Member of the Diet of Galicia and Lodomeria
- In office 1885 – 1914

Governor of Galicia
- In office 1908 – 1913
- Preceded by: Andrzej Kazimierz Potocki
- Succeeded by: Witold Korytowski [pl]

Member of the Austrian House of Deputies
- In office 17 November 1903 – 5 May 1908
- In office 22 September 1885 – 24 September 1890

Personal details
- Born: Michał Hieronim Bobrzyński 30 September 1849 Kraków, Grand Duchy of Kraków, Austrian Empire
- Died: 3 July 1935 (aged 85) Łopuchówko, Poznań Voivodeship, Poland

= Michał Bobrzyński =

Polish historian and politician (1849–1935)

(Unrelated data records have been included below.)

lemma sym_value_weakly_symmetric:
  assumes Q: "Q \<in> channels N M" and ws: "weakly_symmetric N M Q" and "0 < N"
  shows "sym_value N M Q = ln (real M) + (\<Sum>m<M. Q 0 m * ln (Q 0 m))"
proof -
  have Q0: "\<forall>m<M. 0 \<le> Q 0 m" "(\<Sum>m<M. Q 0 m) = 1"
    using Q \<open>0 < N\<close> by (simp_all add: channels_def)
  then have "0 < M" by (cases M) auto
  have term_eq: "(if Q 0 m = 0 then 0 else Q 0 m * ln (Q 0 m / col_sum N Q m))
      = Q 0 m * ln (Q 0 m) - Q 0 m * ln (real N / real M)" if "m < M" for m
  proof (cases "Q 0 m = 0")
    case False
    then have "Q 0 m > 0" using Q0 that by force
    moreover have "real N / real M > 0" using \<open>0 < N\<close> \<open>0 < M\<close> by simp
    ultimately show ?thesis
      unfolding weakly_symmetric_col_sum[OF Q ws that]
      by (simp only: ln_divide_pos if_False False right_diff_distrib)
  qed simp
  have "sym_value N M Q
      = ln (real N) + (\<Sum>m<M. Q 0 m * ln (Q 0 m) - Q 0 m * ln (real N / real M))"
    unfolding sym_value_def by (intro arg_cong2[where f = "(+)"] refl sum.cong term_eq) auto
  also have "\<dots> = ln (real N) + (\<Sum>m<M. Q 0 m * ln (Q 0 m)) - ln (real N / real M)"
    using Q0 by (simp add: sum_subtractf flip: sum_distrib_right)
  also have "\<dots> = ln (real M) + (\<Sum>m<M. Q 0 m * ln (Q 0 m))"
    using \<open>0 < N\<close> \<open>0 < M\<close> by (simp add: ln_div)
  finally show ?thesis .
qed

lemma mutual_info_weakly_symmetric:
  assumes p: "p \<in> prob_simplex N" and Q: "Q \<in> channels N M"
    and ws: "weakly_symmetric N M Q" and "0 < N"
  shows "mutual_info N M p Q = (\<Sum>m<M. Q 0 m * ln (Q 0 m))
           - (\<Sum>m<M. output_dist N p Q m * ln (output_dist N p Q m))"
proof -
  have "(\<Sum>n<N. p n * (\<Sum>m<M. Q n m * ln (Q n m)))
      = (\<Sum>n<N. p n * (\<Sum>m<M. Q 0 m * ln (Q 0 m)))"
  proof (rule sum.cong)
    show "p n * (\<Sum>m<M. Q n m * ln (Q n m)) = p n * (\<Sum>m<M. Q 0 m * ln (Q 0 m))"
      if "n \<in> {..<N}" for n
      using weakly_symmetric_sum_row_eq[OF ws \<open>0 < N\<close>, of n "\<lambda>x. x * ln x"] that by simp
  qed simp
  also have "\<dots> = (\<Sum>m<M. Q 0 m * ln (Q 0 m))"
    using p by (simp add: prob_simplex_def flip: sum_distrib_right)
  finally show ?thesis using mutual_info_eq_entropy_diff[OF p Q] by simp
qed
(* Let $U\in\mathcal U_n$. Among all part listings for $U$, the one that is minimal in graded reverse lexicographic order is the area sequence of a Dyck path of length $n$.
   Context: A unit interval order on $\{1,\dots,n\}$ is given by closed intervals $I_1,\dots,I_n$ of length $1$, numbered from left to right, with $i\prec j$ iff $I_i$ lies strictly to the left of $I_j$; $\mathcal U_n$ is the set of these. For a sequence $w=(w_1,\dots,w_n)$ of nonnegative integers, $P(w)$ is the poset on $\{1,\dots,n\}$ with $i\prec j$ iff $w_j-w_i\ge2$, or $w_j-w_i=1$ and $i<j$; $w$ is a part listing for $U$ if $P(w)$ is isomorphic to $U$ as a poset. Graded reverse lexicographic order on length-$n$ sequences of nonnegative integers: $(a_1,\dots,a_n)<(b_1,\dots,b_n)$ if $\sum a_i<\sum b_i$, or if the sums are equal and $a_j>b_j$ where $j$ is the first index where the sequences differ. Area sequences of Dyck paths of length $n$ are the sequences of nonnegative integers with $a_1=0$ and $a_i\le a_{i-1}+1$. *)

theory Defs
  imports Complex_Main
begin

text \<open>A poset on \<open>{1..n}\<close> is represented by its strict relation \<open>nat \<Rightarrow> nat \<Rightarrow> bool\<close>.
  A sequence \<open>(w_1,...,w_n)\<close> is a list \<open>w\<close> of length n, with \<open>w_i = w ! (i-1)\<close>.\<close>

text \<open>Unit interval orders: intervals \<open>I_i = [x_i, x_i + 1]\<close>, numbered left to right
  (\<open>x_1 \<le> ... \<le> x_n\<close>), with \<open>i \<prec> j\<close> iff \<open>I_i\<close> lies strictly left of \<open>I_j\<close>.\<close>
definition unit_interval_order :: "nat \<Rightarrow> (nat \<Rightarrow> nat \<Rightarrow> bool) \<Rightarrow> bool" where
  "unit_interval_order n U \<longleftrightarrow>
     (\<exists>x :: nat \<Rightarrow> real.
        (\<forall>i j. 1 \<le> i \<and> i \<le> j \<and> j \<le> n \<longrightarrow> x i \<le> x j) \<and>
        (\<forall>i j. U i j \<longleftrightarrow> (i \<in> {1..n} \<and> j \<in> {1..n} \<and> x i + 1 < x j)))"

definition P_of :: "nat list \<Rightarrow> nat \<Rightarrow> nat \<Rightarrow> bool" where
  "P_of w i j \<longleftrightarrow>
     i \<in> {1..length w} \<and> j \<in> {1..length w} \<and>
     (int (w ! (j-1)) - int (w ! (i-1)) \<ge> 2 \<or>
      (int (w ! (j-1)) - int (w ! (i-1)) = 1 \<and> i < j))"

definition poset_iso :: "nat \<Rightarrow> (nat \<Rightarrow> nat \<Rightarrow> bool) \<Rightarrow> (nat \<Rightarrow> nat \<Rightarrow> bool) \<Rightarrow> bool" where
  "poset_iso n P Q \<longleftrightarrow>
     (\<exists>f. bij_betw f {1..n} {1..n} \<and> (\<forall>i\<in>{1..n}. \<forall>j\<in>{1..n}. P i j \<longleftrightarrow> Q (f i) (f j)))"

definition part_listing :: "nat \<Rightarrow> (nat \<Rightarrow> nat \<Rightarrow> bool) \<Rightarrow> nat list \<Rightarrow> bool" where
  "part_listing n U w \<longleftrightarrow> length w = n \<and> poset_iso n (P_of w) U"

definition grevlex_less :: "nat list \<Rightarrow> nat list \<Rightarrow> bool" where
  "grevlex_less a b \<longleftrightarrow> length a = length b \<and>
     (sum_list a < sum_list b \<or>
      (sum_list a = sum_list b \<and>
       (\<exists>j < length a. take j a = take j b \<and> a ! j > b ! j)))"

definition area_sequence :: "nat \<Rightarrow> nat list \<Rightarrow> bool" where
  "area_sequence n a \<longleftrightarrow> length a = n \<and> (n > 0 \<longrightarrow> a ! 0 = 0) \<and>
     (\<forall>i. 0 < i \<and> i < n \<longrightarrow> a ! i \<le> a ! (i-1) + 1)"

end

(* Listing the floors of the left endpoints x_i (shifted so that x_1 = 0), with the intervals
   sorted by fractional part and ties broken by decreasing floor, gives a part listing: when
   the floors differ by 1, x_i + 1 < x_j holds exactly when frac x_i < frac x_j.
   The grevlex-least part listing w minimises the sum and, among sequences of that sum, is
   lexicographically largest. If w_1 > 0, moving w_1 - 1 to the end gives a part listing of
   the same poset with smaller sum; if w_i \<ge> w_(i-1) + 2, swapping these two entries gives
   one with the same sum that is lexicographically larger. Hence w_1 = 0 and
   w_i \<le> w_(i-1) + 1. *)

theory Submission
  imports Defs "HOL-Library.List_Lexorder" "HOL-Library.Product_Lexorder" "HOL-Library.Multiset"
begin

lemma grevlex_less_iff:
  "grevlex_less a b \<longleftrightarrow> length a = length b \<and>
     (sum_list a < sum_list b \<or> sum_list a = sum_list b \<and> b < a)"
proof -
  have "b < a \<longleftrightarrow> (\<exists>j < length a. take j a = take j b \<and> b ! j < a ! j)" if "length a = length b"
    using that unfolding list_less_def lexord_take_index_conv by (auto simp: eq_commute)
  then show ?thesis unfolding grevlex_less_def by auto
qed

lemma grevlex_less_asym: "grevlex_less a b \<Longrightarrow> \<not> grevlex_less b a"
  unfolding grevlex_less_iff by auto

lemma grevlex_least_exists:
  assumes "w0 \<in> S" and "\<And>w. w \<in> S \<Longrightarrow> length w = n"
  shows "\<exists>w\<in>S. \<forall>w'\<in>S. w' \<noteq> w \<longrightarrow> grevlex_less w w'"
proof -
  define s where "s = (LEAST s. \<exists>w\<in>S. sum_list w = s)"
  have s_attained: "\<exists>w\<in>S. sum_list w = s"
    unfolding s_def by (rule LeastI_ex) (use assms(1) in blast)
  have s_least: "s \<le> sum_list w" if "w \<in> S" for w
    unfolding s_def by (rule Least_le) (use that in blast)
  define T where "T = {w\<in>S. sum_list w = s}"
  have "T \<subseteq> {xs. set xs \<subseteq> {0..s} \<and> length xs = n}"
    unfolding T_def using assms(2) member_le_sum_list by fastforce
  then have "finite T"
    by (rule finite_subset) (rule finite_lists_length_eq, simp)
  moreover have "T \<noteq> {}" using s_attained unfolding T_def by blast
  ultimately have max_in: "Max T \<in> T" and max_ge: "\<And>v. v \<in> T \<Longrightarrow> v \<le> Max T" by simp_all
  show ?thesis
  proof (intro bexI ballI impI)
    show "Max T \<in> S" using max_in unfolding T_def by simp
    fix w' assume w': "w' \<in> S" "w' \<noteq> Max T"
    have "sum_list (Max T) < sum_list w' \<or> sum_list (Max T) = sum_list w' \<and> w' < Max T"
      using max_in max_ge[of w'] s_least[OF w'(1)] w' unfolding T_def by fastforce
    then show "grevlex_less (Max T) w'"
      unfolding grevlex_less_iff using max_in w'(1) assms(2) unfolding T_def by auto
  qed
qed

lemma grevlex_less_rotate_down:
  assumes "w \<noteq> []" and "w ! 0 \<noteq> 0"
  shows "grevlex_less (tl w @ [w ! 0 - 1]) w"
  using assms by (cases w) (auto simp: grevlex_less_iff)

lemma grevlex_less_swap_ascent:
  assumes "0 < i" "i < length w" "w ! (i - 1) < w ! i"
  shows "grevlex_less (w[i - 1 := w ! i, i := w ! (i - 1)]) w"
proof -
  let ?v = "w[i - 1 := w ! i, i := w ! (i - 1)]"
  have "mset ?v = mset w" using mset_swap[of i w "i - 1"] assms(1,2) by simp
  then have "sum_list ?v = sum_list w" by (metis sum_mset_sum_list)
  moreover have "w < ?v"
    unfolding list_less_def lexord_take_index_conv using assms
    by (intro disjI2 exI[of _ "i - 1"]) (simp add: nth_list_update)
  ultimately show ?thesis unfolding grevlex_less_iff by simp
qed

lemma poset_iso_trans:
  assumes "poset_iso n P Q" and "poset_iso n Q R"
  shows "poset_iso n P R"
proof -
  obtain f where f: "bij_betw f {1..n} {1..n}" "\<forall>i\<in>{1..n}. \<forall>j\<in>{1..n}. P i j \<longleftrightarrow> Q (f i) (f j)"
    using assms(1) unfolding poset_iso_def by blast
  obtain g where g: "bij_betw g {1..n} {1..n}" "\<forall>i\<in>{1..n}. \<forall>j\<in>{1..n}. Q i j \<longleftrightarrow> R (g i) (g j)"
    using assms(2) unfolding poset_iso_def by blast
  have "\<forall>i\<in>{1..n}. f i \<in> {1..n}" using f(1) bij_betwE by blast
  then show ?thesis unfolding poset_iso_def
    using bij_betw_trans[OF f(1) g(1)] f(2) g(2) by (intro exI[of _ "g \<circ> f"]) auto
qed

lemma part_listing_relabel:
  assumes "part_listing n U w" and "length v = n" and "bij_betw h {1..n} {1..n}"
    and "\<And>p q. p \<in> {1..n} \<Longrightarrow> q \<in> {1..n} \<Longrightarrow> P_of v p q \<longleftrightarrow> P_of w (h p) (h q)"
  shows "part_listing n U v"
proof -
  have "poset_iso n (P_of v) (P_of w)" unfolding poset_iso_def using assms(3,4) by blast
  then show ?thesis using assms(1,2) poset_iso_trans unfolding part_listing_def by blast
qed

lemma part_listing_rotate_down:
  assumes "part_listing n U w" and "0 < n" and "w ! 0 \<noteq> 0"
  shows "part_listing n U (tl w @ [w ! 0 - 1])"
proof -
  let ?v = "tl w @ [w ! 0 - 1]"
  have len: "length w = n" using assms(1) unfolding part_listing_def by simp
  define h where "h p = (if p = n then 1 else p + 1)" for p
  have bij: "bij_betw h {1..n} {1..n}"
    by (rule bij_betw_byWitness[where f' = "\<lambda>q. if q = 1 then n else q - 1"])
      (use assms(2) in \<open>auto simp: h_def\<close>)
  have v_nth: "?v ! (p - 1) = (if p = n then w ! 0 - 1 else w ! p)" if "p \<in> {1..n}" for p
    using that len by (auto simp: nth_append nth_tl)
  show ?thesis
  proof (rule part_listing_relabel[OF assms(1) _ bij])
    show "length ?v = n" using len assms(2) by simp
    fix p q assume p: "p \<in> {1..n}" and q: "q \<in> {1..n}"
    show "P_of ?v p q \<longleftrightarrow> P_of w (h p) (h q)"
      unfolding P_of_def using p q len v_nth[OF p] v_nth[OF q] assms(3)
      by (auto simp: h_def)
  qed
qed

lemma part_listing_swap_ascent:
  assumes "part_listing n U w" and "0 < i" "i < n" and "w ! (i - 1) + 2 \<le> w ! i"
  shows "part_listing n U (w[i - 1 := w ! i, i := w ! (i - 1)])"
proof -
  let ?v = "w[i - 1 := w ! i, i := w ! (i - 1)]"
  have len: "length w = n" using assms(1) unfolding part_listing_def by simp
  define h where "h p = (if p = i then i + 1 else if p = i + 1 then i else p)" for p
  have bij: "bij_betw h {1..n} {1..n}"
    by (rule bij_betw_byWitness[where f' = h]) (use assms(2,3) in \<open>auto simp: h_def\<close>)
  have v_nth: "?v ! (p - 1) = w ! (h p - 1)" if "p \<in> {1..n}" for p
    using that len assms(2,3) by (auto simp: h_def nth_list_update)
  show ?thesis
  proof (rule part_listing_relabel[OF assms(1) _ bij])
    show "length ?v = n" using len by simp
    fix p q assume p: "p \<in> {1..n}" and q: "q \<in> {1..n}"
    have "h p \<in> {1..n}" "h q \<in> {1..n}" using bij p q bij_betwE by blast+
    moreover have "(p < q \<longleftrightarrow> h p < h q) \<or> {p, q} = {i, i + 1}" by (auto simp: h_def)
    moreover have "\<bar>int (w ! (h q - 1)) - int (w ! (h p - 1))\<bar> \<ge> 2" if "{p, q} = {i, i + 1}"
      using that assms(2,4) by (auto simp: h_def doubleton_eq_iff)
    ultimately show "P_of ?v p q \<longleftrightarrow> P_of w (h p) (h q)"
      unfolding P_of_def using p q len v_nth[OF p] v_nth[OF q] by auto
  qed
qed

lemma less_plus_one_iff_floor_frac:
  fixes a b :: real
  shows "a + 1 < b \<longleftrightarrow> \<lfloor>b\<rfloor> - \<lfloor>a\<rfloor> \<ge> 2 \<or> (\<lfloor>b\<rfloor> - \<lfloor>a\<rfloor> = 1 \<and> frac a < frac b)"
  unfolding frac_def by linarith

lemma exists_sorting_bij:
  fixes key :: "nat \<Rightarrow> 'a::linorder"
  shows "\<exists>f. bij_betw f {1..n} {1..n} \<and>
           (\<forall>p\<in>{1..n}. \<forall>q\<in>{1..n}. p \<le> q \<longrightarrow> key (f p) \<le> key (f q))"
proof -
  define L where "L = sort_key key [1..<Suc n]"
  have "bij_betw ((!) L) {..<n} {1..n}"
    by (rule bij_betw_nth) (auto simp: L_def)
  moreover have "bij_betw (\<lambda>p. p - 1) {1..n} {..<n}"
    by (rule bij_betw_byWitness[where f' = Suc]) auto
  ultimately have "bij_betw (\<lambda>p. L ! (p - 1)) {1..n} {1..n}"
    using bij_betw_trans unfolding comp_def by blast
  moreover have "sorted (map key L)" unfolding L_def by simp
  then have "key (L ! (p - 1)) \<le> key (L ! (q - 1))" if "p \<in> {1..n}" "q \<in> {1..n}" "p \<le> q" for p q
    using that sorted_nth_mono[of "map key L" "p - 1" "q - 1"] by (simp add: L_def)
  ultimately show ?thesis by blast
qed

lemma part_listing_of_points:
  fixes y :: "nat \<Rightarrow> real"
  assumes nonneg: "\<And>i. i \<in> {1..n} \<Longrightarrow> 0 \<le> y i"
    and U: "\<And>i j. U i j \<longleftrightarrow> i \<in> {1..n} \<and> j \<in> {1..n} \<and> y i + 1 < y j"
  shows "\<exists>w. part_listing n U w"
proof -
  define key where "key i = (frac (y i), - \<lfloor>y i\<rfloor>)" for i
  obtain f where bij: "bij_betw f {1..n} {1..n}"
    and sorted: "\<And>p q. p \<in> {1..n} \<Longrightarrow> q \<in> {1..n} \<Longrightarrow> p \<le> q \<Longrightarrow> key (f p) \<le> key (f q)"
    using exists_sorting_bij[of n key] by blast
  define w where "w = map (\<lambda>p. nat \<lfloor>y (f p)\<rfloor>) [1..<Suc n]"
  have w_nth: "int (w ! (p - 1)) = \<lfloor>y (f p)\<rfloor>" if "p \<in> {1..n}" for p
    using that nonneg bij_betwE[OF bij] by (auto simp: w_def simp del: upt_Suc)
  have "P_of w p q \<longleftrightarrow> U (f p) (f q)" if p: "p \<in> {1..n}" and q: "q \<in> {1..n}" for p q
  proof -
    let ?d = "\<lfloor>y (f q)\<rfloor> - \<lfloor>y (f p)\<rfloor>"
    have "p < q \<longleftrightarrow> frac (y (f p)) < frac (y (f q))" if "?d = 1"
    proof
      assume "p < q"
      then show "frac (y (f p)) < frac (y (f q))"
        using sorted[OF p q] \<open>?d = 1\<close> by (auto simp: key_def less_eq_prod_def)
    next
      assume "frac (y (f p)) < frac (y (f q))"
      then show "p < q"
        using sorted[OF q p] by (force simp: key_def less_eq_prod_def)
    qed
    then have "P_of w p q \<longleftrightarrow> ?d \<ge> 2 \<or> (?d = 1 \<and> frac (y (f p)) < frac (y (f q)))"
      unfolding P_of_def using p q w_nth[OF p] w_nth[OF q] by (auto simp: w_def)
    also have "\<dots> \<longleftrightarrow> U (f p) (f q)"
      using U less_plus_one_iff_floor_frac p q bij_betwE[OF bij] by blast
    finally show ?thesis .
  qed
  then have "part_listing n U w"
    unfolding part_listing_def poset_iso_def using bij by (auto simp: w_def)
  then show ?thesis by blast
qed

lemma part_listing_exists:
  assumes "unit_interval_order n U"
  shows "\<exists>w. part_listing n U w"
proof -
  obtain x :: "nat \<Rightarrow> real"
    where mono: "\<And>i j. 1 \<le> i \<and> i \<le> j \<and> j \<le> n \<Longrightarrow> x i \<le> x j"
      and U: "\<And>i j. U i j \<longleftrightarrow> i \<in> {1..n} \<and> j \<in> {1..n} \<and> x i + 1 < x j"
    using assms unfolding unit_interval_order_def by blast
  show ?thesis
    by (rule part_listing_of_points[where y = "\<lambda>i. x i - x 1"]) (use mono U in auto)
qed

theorem mainTheorem10:
  fixes n :: nat and U :: "nat \<Rightarrow> nat \<Rightarrow> bool"
  assumes "unit_interval_order n U"
  shows "\<exists>w. part_listing n U w
            \<and> (\<forall>w'. part_listing n U w' \<and> w' \<noteq> w \<longrightarrow> grevlex_less w w')
            \<and> area_sequence n w"
proof -
  obtain w0 where "part_listing n U w0" using part_listing_exists[OF assms] by blast
  then have "\<exists>w\<in>Collect (part_listing n U). \<forall>w'\<in>Collect (part_listing n U).
               w' \<noteq> w \<longrightarrow> grevlex_less w w'"
    by (rule grevlex_least_exists[OF CollectI]) (simp add: part_listing_def)
  then obtain w where w: "part_listing n U w"
    and least: "\<And>w'. part_listing n U w' \<Longrightarrow> w' \<noteq> w \<Longrightarrow> grevlex_less w w'"
    by blast
  have no_smaller: "\<not> grevlex_less v w" if "part_listing n U v" for v
    using least[OF that] grevlex_less_asym by blast
  have len: "length w = n" using w unfolding part_listing_def by simp
  have "w ! 0 = 0" if "0 < n"
  proof (rule ccontr)
    assume "w ! 0 \<noteq> 0"
    then show False
      using no_smaller[OF part_listing_rotate_down[OF w that]]
        grevlex_less_rotate_down[of w] len that by auto
  qed
  moreover have "w ! i \<le> w ! (i - 1) + 1" if "0 < i" "i < n" for i
  proof (rule ccontr)
    assume "\<not> w ! i \<le> w ! (i - 1) + 1"
    then show False
      using no_smaller[OF part_listing_swap_ascent[OF w that]]
        grevlex_less_swap_ascent[of i w] len that by simp
  qed
  ultimately show ?thesis unfolding area_sequence_def using w least len by blast
qed

end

Michał Hieronim Bobrzyński (Michael Bobrzynski) (30 September 1849 – 3 July 1935) was a Polish historian and conservative politician.

== Life ==
Bobrzynski was born at Kraków in Galicia. He was educated there, graduating from the gymnasium and the Jagiellonian University. In 1872 he received his LL.D. and the following year became assistant professor in the history of Polish jurisprudence, in 1876 assuming similar duties in regard to German law. In 1877 he became professor of law at the Jagiellonian University.

In 1885–91 he was a member of the Reichsrat and held many other honorary and responsible positions, and in 1890–1901 he was president of the Galician board of education. He was Governor of Galicia in 1908–13.

His most important publications are his Geschichte Polens (1879), which aroused much criticism on account of its bitter attacks on Poland's past, and his contributions to Lencl's Polnische Rechtsdenkmäler (1874–82).